Тихонов не отошел. Он повыше поднял тряпку — грязную, вонючую, и потянул её к моему лицу.
— Давай, поплачь. А потом вытрем слёзки…
— Что здесь происходит? — раздался громкий голос.
Светлана Ивановна! Как вовремя!
Тихонов мгновенно вернул тряпку на батарею.
— Ничего, — нормальным голосом отозвался он. — Я мимо шел, смотрю, тряпка валяется. Вот, на место положил.
— Хозяйственный, — усмехнулась Светлана Ивановна. — Иди-иди. Потом поговорим, если понадобится.
— До свидания, — Тихонов исчез.
— Лера, что произошло? — негромко спросила Светлана Ивановна.
— Не знаю, — честно ответила я. — Он ко мне лезет с начала года.
— Может, с его классным руководителем поговорить?
— Не надо, — я даже испугалась. — Я уже пробовала ей жаловаться. Когда он меня в столовой под локоть пихнул, и я компотом облилась. А он в ответ — «я нечаянно». Про другие случаи сказал, что просто шутил. И ещё больше стал приставать.
— Странно, — задумчиво произнесла Светлана Ивановна. — Давай, что ли, вызовем его на Совет? Елена Петровна против не будет, она поймёт.
— Он и там скажет, что шутил. И получится, что я воспользовалась служебным положением! Так нельзя.
— Ну, смотри, — непонятно отозвалась Светлана Ивановна. — Кстати, ты не спрашивала совета у отца?
— Нет.
— А почему?
Я только плечами пожала. И в самом деле, почему?
А Светлана Ивановна добавила:
— Он у тебя человек широких взглядов и парадоксального мышления.
— Я в курсе…
Светлана Ивановна засмеялась:
— Я рада. Кстати, напомни ему, что у нас в субботу заседание литературного клуба. Он обещал прийти.
— Он никогда ничего не забывает, — вздохнула я.
— Это же хорошо!
— Не всегда… Но раз обещал — значит, придёт. Хотя я напомню, мне не трудно…
Светлана Ивановна снова улыбнулась. Хорошая у неё улыбка, совсем не учительская. Почему другие видят в ней строгого завуча? Скорее, она похожа на вожатую из лагеря, в который я ездила когда-то давно, в совсем нежном возрасте. Вожатая Нина утешала, когда мы скучали по дому, разбирала ссоры и всегда придумывала что-то интересное…
— Да, хотела спросить, — я ткнула пальцем в фамилию Сельцова в списке. — За что вот этого вызывают?

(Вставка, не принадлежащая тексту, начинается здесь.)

(* Let $q$ be a prime power, $n\ge1$, and $k$ an integer with $\frac{q-1}{2}<k<q-1$. Then \[\dim(\operatorname{Hull}(C_{n,k}^q))=\dim(C_{n,k}^q)-(2k+1-(q-1))=\binom{n+k}{k}-(2k+1-(q-1)).\] Moreover, $\{\operatorname{ev}(m)\}_{m\in\mathcal{M}}$ is a basis of $\operatorname{Hull}(C_{n,k}^q)$, where $\mathcal{M}$ is the set of all monomials of degree $k$ in $x_0,\dots,x_n$ except the monomials $x_{n-1}^{k-a}x_n^{a}$ with $q-1-k\le a\le k$.
   Context: For a prime power $q$ and integers $n\ge 1$, $k\ge 0$, the projective Reed-Muller code $C_{n,k}^q\subseteq \mathbb{F}_q^N$, $N=\frac{q^{n+1}-1}{q-1}$, is defined as follows. For each point of $\mathbb{P}^n(\mathbb{F}_q)$ choose the affine representative $(p_0,\dots,p_n)\in\mathbb{F}_q^{n+1}\setminus\{0\}$ whose left-most nonzero coordinate equals $1$, and fix an ordering $P_1',\dots,P_N'$ of these representatives; for a polynomial $F$ write $\operatorname{ev}(F)=(F(P_1'),\dots,F(P_N'))$. Then $C_{n,k}^q=\{\operatorname{ev}(F) : F\in \mathbb{F}_q[x_0,\dots,x_n]_k\}$, where $\mathbb{F}_q[x_0,\dots,x_n]_k$ is the space of homogeneous polynomials of degree $k$ together with $0$. Duals are with respect to the standard dot product, and $\operatorname{Hull}(C)=C\cap C^\perp$. *)

theory Defs
  imports Complex_Main "HOL-Library.Function_Algebras"
begin

text \<open>Codewords of length N are modelled as functions on the set of normalized
representatives of points of P^n(F_q), extended by 0 outside this set.\<close>

definition proj_points :: "nat \<Rightarrow> (nat \<Rightarrow> 'a::field) set" where
  "proj_points n = {p. (\<forall>i>n. p i = 0) \<and>
      (\<exists>i\<le>n. p i = 1 \<and> (\<forall>j<i. p j = 0))}"

definition fscale :: "'a::field \<Rightarrow> ('b \<Rightarrow> 'a) \<Rightarrow> ('b \<Rightarrow> 'a)" where
  "fscale c f = (\<lambda>x. c * f x)"

lemma vector_space_fscale: "vector_space (fscale :: 'a::field \<Rightarrow> _)"
  by unfold_locales (auto simp: fscale_def algebra_simps)

definition monomials :: "nat \<Rightarrow> nat \<Rightarrow> (nat \<Rightarrow> nat) set" where
  "monomials n k = {e. (\<forall>i>n. e i = 0) \<and> (\<Sum>i\<le>n. e i) = k}"

definition ev_mon :: "nat \<Rightarrow> (nat \<Rightarrow> nat) \<Rightarrow> ((nat \<Rightarrow> 'a::field) \<Rightarrow> 'a)" where
  "ev_mon n e = (\<lambda>p. if p \<in> proj_points n then (\<Prod>i\<le>n. p i ^ e i) else 0)"

definition PRM :: "nat \<Rightarrow> nat \<Rightarrow> ((nat \<Rightarrow> 'a::field) \<Rightarrow> 'a) set" where
  "PRM n k = module.span fscale (ev_mon n ` monomials n k)"

definition dual_code :: "nat \<Rightarrow> ((nat \<Rightarrow> 'a::field) \<Rightarrow> 'a) set \<Rightarrow> ((nat \<Rightarrow> 'a) \<Rightarrow> 'a) set" where
  "dual_code n C = {v. (\<forall>p. p \<notin> proj_points n \<longrightarrow> v p = 0) \<and>
      (\<forall>u\<in>C. (\<Sum>p\<in>proj_points n. u p * v p) = 0)}"

definition code_hull :: "nat \<Rightarrow> ((nat \<Rightarrow> 'a::field) \<Rightarrow> 'a) set \<Rightarrow> ((nat \<Rightarrow> 'a) \<Rightarrow> 'a) set" where
  "code_hull n C = C \<inter> dual_code n C"
lemma highest_unplaced_G_elsewhere:
  assumes st: "stab \<mu>" and hu: "highest_unplaced \<mu> d" and d: "d \<in> G"
  obtains x where "x \<in> H" "x \<noteq> h1" "x \<noteq> h2" "\<mu> d = Some x" "d \<notin> A \<mu> h1 \<union> A \<mu> h2"
proof -
  obtain x where x: "x \<in> H" "\<mu> d = Some x" using stable_matched[OF st] hu
    unfolding highest_unplaced_def by blast
  moreover have "x \<noteq> h1" "x \<noteq> h2" using hu d x(2) unfolding highest_unplaced_def placed_def by auto
  ultimately show thesis using that by (auto simp: assigned_iff)
qed

lemma highest_unplaced_not_f:
  assumes st: "stab \<mu>" and hu: "highest_unplaced \<mu> f"
  shows False
proof -
  obtain x where x: "x \<in> H" "x \<noteq> h1" "x \<noteq> h2" "\<mu> f = Some x" and fA: "f \<notin> A \<mu> h1 \<union> A \<mu> h2"
    using highest_unplaced_G_elsewhere[OF st hu] by blast
  have "2 \<le> card {e \<in> A \<mu> h1. w e < w f}"
  proof (rule card_below_ge)
    show "{e \<in> A \<mu> h1. w f < w e} \<subseteq> destined h1"
      using hu rank_g1_f rank_m_f rank_g2_f unfolding highest_unplaced_def placed_def destined_def
      by (auto simp: assigned_iff split: if_splits)
    show "inj_on w (insert f (A \<mu> h1))"
      by (rule inj_on_subset[OF inj_on_rank]) (use f_in_D in \<open>auto simp: assigned_iff\<close>)
    show "card (destined h1) + 2 \<le> card (A \<mu> h1)"
      using card_destined_h1 stable_full[OF st h1_in_H] kappa_ge_2[OF h1_in_H] by simp
  qed (use fA finite_assigned finite_destined in auto)
  then obtain e where e: "e \<in> A \<mu> h1" "w e < w f" "e \<noteq> m"
    using ex_other_of_card_ge_2[of _ m] by blast
  obtain hm where hm: "hm \<in> H" "\<mu> m = Some hm" using stable_matched[OF st m_in_D] by blast
  show False
  proof (cases "hm = h1")
    case True
    have "interested \<kappa> D Phosp \<mu> h1 {f, m}"
      by (rule interested_fm[OF st h1_in_H, of "{m, e}"])
        (use e hm True fA m_in_D in \<open>auto simp: assigned_iff\<close>)
    then show False using stable_not_together_h1[OF st] x by auto
  next
    case False
    have "choice_rank f h1 < choice_rank f x" using choice_rank_G[of f] x(2,3) by fastforce
    then have "((Some h1, Some hm), (\<mu> f, \<mu> m)) \<in> Pcouple (f, m)"
      using Pcouple_fm_lexI[OF h1_in_H hm(1) x(1) hm(1)] False x hm(2) by auto
    moreover have "interested \<kappa> D Phosp \<mu> h1 {f}"
      by (rule interested_exchange[of _ _ "{e}" _ f])
        (use stable_full[OF st h1_in_H] e fA f_in_D in \<open>auto simp: insert_Diff_if\<close>)
    ultimately have "blocks_couple \<kappa> D Pcouple Phosp \<mu> h1 hm (f, m)"
      using False x hm by (intro blocks_coupleI) auto
    then show False using stable_no_blocking_couple[OF st couple_fm h1_in_H hm(1)] by blast
  qed
qed
lemma farkas_alternative:
  fixes A :: "'s::finite \<Rightarrow> 'n::finite \<Rightarrow> real"
  shows "(\<exists>l. (\<forall>s. 0 \<le> l s) \<and> (\<forall>n. (\<Sum>s\<in>UNIV. l s * A s n) \<le> c n) \<and> d \<le> (\<Sum>s\<in>UNIV. l s * b s))
    \<or> (\<exists>y r. (\<forall>n. 0 \<le> y n) \<and> r \<le> 0 \<and> (\<forall>s. 0 \<le> (\<Sum>n\<in>UNIV. A s n * y n) + r * b s)
            \<and> (\<Sum>n\<in>UNIV. c n * y n) + r * d < 0)"
proof -
  \<comment> \<open>The first alternative says that \<open>(c, d)\<close> lies in the cone generated by the \<open>G g\<close>:
    the rows \<open>(A s, b s)\<close>, plus unit vectors and \<open>(0, -1)\<close> absorbing the slack.\<close>
  define G :: "'s + 'n + unit \<Rightarrow> (real^'n) \<times> real" where
    "G g = (case g of Inl s \<Rightarrow> ((\<chi> n. A s n), b s) | Inr (Inl n) \<Rightarrow> (axis n 1, 0)
              | Inr (Inr _) \<Rightarrow> (0, -1))" for g
  define z where "z = ((\<chi> n. c n), d)"
  show ?thesis
  proof (cases "\<exists>l. (\<forall>g. 0 \<le> l g) \<and> z = (\<Sum>g\<in>UNIV. l g *\<^sub>R G g)")
    case True
    then obtain l where l: "\<forall>g. 0 \<le> l g" and zl: "z = (\<Sum>g\<in>UNIV. l g *\<^sub>R G g)"
      by blast
    have "c n = (\<Sum>s\<in>UNIV. l (Inl s) * A s n) + l (Inr (Inl n))" for n
      using arg_cong[OF zl, of "\<lambda>v. fst v $ n"]
      by (simp add: z_def G_def fst_sum sum_component sum_UNIV_Plus axis_def if_distrib cong: if_cong)
    moreover have "d = (\<Sum>s\<in>UNIV. l (Inl s) * b s) - l (Inr (Inr ()))"
      using arg_cong[OF zl, of snd] by (simp add: z_def G_def snd_sum sum_UNIV_Plus UNIV_unit)
    ultimately show ?thesis
      using l by (intro disjI1 exI[of _ "\<lambda>s. l (Inl s)"]) (auto simp: add_increasing2)
  next
    case False
    obtain a where "\<forall>g. 0 \<le> a \<bullet> G g" "a \<bullet> z < 0"
      using separation_from_finite_cone[OF False] by blast
    moreover obtain y r where "a = (y, r)"
      by fastforce
    ultimately have sep: "\<forall>g. 0 \<le> (y, r) \<bullet> G g" "(y, r) \<bullet> z < 0"
      by simp_all
    have "0 \<le> y $ n" for n
      using sep(1)[rule_format, of "Inr (Inl n)"] by (simp add: G_def inner_axis)
    moreover have "r \<le> 0"
      using sep(1)[rule_format, of "Inr (Inr ())"] by (simp add: G_def)
    moreover have "0 \<le> (\<Sum>n\<in>UNIV. A s n * y $ n) + r * b s" for s
      using sep(1)[rule_format, of "Inl s"] by (simp add: G_def inner_vec_def mult.commute)
    moreover have "(\<Sum>n\<in>UNIV. c n * y $ n) + r * d < 0"
      using sep(2) by (simp add: z_def inner_vec_def mult.commute)
    ultimately show ?thesis
      by (intro disjI2 exI[of _ "\<lambda>n. y $ n"] exI[of _ r]) auto
  qed
qed
lemma expectation_half_phase_curve:
  assumes M: "M \<in> carrier_mat N N" and "half_phase_curve N \<phi>"
  shows "trig_deg1 (\<lambda>t. Re (\<Sum>i<N. cnj (\<phi> t $ i) * (M *\<^sub>v \<phi> t) $ i))"
proof -
  obtain u w where uw: "u \<in> carrier_vec N" "w \<in> carrier_vec N"
    and \<phi>: "\<And>t. \<phi> t = cis (- (t / 2)) \<cdot>\<^sub>v u + cis (t / 2) \<cdot>\<^sub>v w"
    using assms(2) unfolding half_phase_curve_def by blast
  let ?X = "\<Sum>i<N. cnj (u $ i) * (M *\<^sub>v u) $ i + cnj (w $ i) * (M *\<^sub>v w) $ i"
  let ?Y = "\<Sum>i<N. cnj (u $ i) * (M *\<^sub>v w) $ i"
  let ?Z = "\<Sum>i<N. cnj (w $ i) * (M *\<^sub>v u) $ i"
  have "(\<Sum>i<N. cnj (\<phi> t $ i) * (M *\<^sub>v \<phi> t) $ i) = ?X + cis t * ?Y + cis (- t) * ?Z" for t
  proof -
    let ?a = "cis (- (t / 2))" and ?b = "cis (t / 2)"
    have phase: "cnj ?a * ?a = 1" "cnj ?b * ?b = 1" "cnj ?a * ?b = cis t" "cnj ?b * ?a = cis (- t)"
      by (simp_all add: cis_cnj cis_mult)
    have M\<phi>: "M *\<^sub>v \<phi> t = ?a \<cdot>\<^sub>v (M *\<^sub>v u) + ?b \<cdot>\<^sub>v (M *\<^sub>v w)"
      unfolding \<phi> by (rule mult_mat_vec_lincomb[OF M uw])
    have "cnj (\<phi> t $ i) * (M *\<^sub>v \<phi> t) $ i
        = (cnj ?a * ?a) * (cnj (u $ i) * (M *\<^sub>v u) $ i) + (cnj ?b * ?b) * (cnj (w $ i) * (M *\<^sub>v w) $ i)
          + (cnj ?a * ?b) * (cnj (u $ i) * (M *\<^sub>v w) $ i) + (cnj ?b * ?a) * (cnj (w $ i) * (M *\<^sub>v u) $ i)"
      if "i < N" for i
      unfolding M\<phi> using that uw M by (simp add: \<phi> algebra_simps)
    then show ?thesis
      unfolding phase by (simp add: sum.distrib sum_distrib_left)
  qed
  then show ?thesis
    using trig_deg1_Re_cis[of ?X ?Y ?Z] by simp
qed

— За драку. Ты не знаешь разве?
— А когда она была?
— Вчера.
— Я же на конференции заседала. На областной.
— Точно… В общем, устроил ваш мальчик натуральное побоище. С двумя одноклассниками.
— Один? С двумя?
— Да. Причём он просто избил обоих, судя по результату. У одного — сотрясение мозга, у другого такие синяки, что на улицу минимум неделю не выйдет.
— А кого? — я принялась лихорадочно вспоминать, кого сегодня не было.
— Сильченкова и Корнеева.
— Точно… Как это он смог?
— А вот это мы выясним на Совете. Ты-то придёшь?
— Конечно!
Мы попрощались, и я вышла на улицу.
Свежий ветерок гонял по асфальту сухие листья. Дворники собирали их в кучи и грузили в мешки, но справиться с осенью не могли. В ветках деревьев запуталось яркое, но уже совсем не жаркое солнце. Оно делало листья золотыми, а небо — ярко-синим и блестящим, умытым. Не скажешь, что середина октября.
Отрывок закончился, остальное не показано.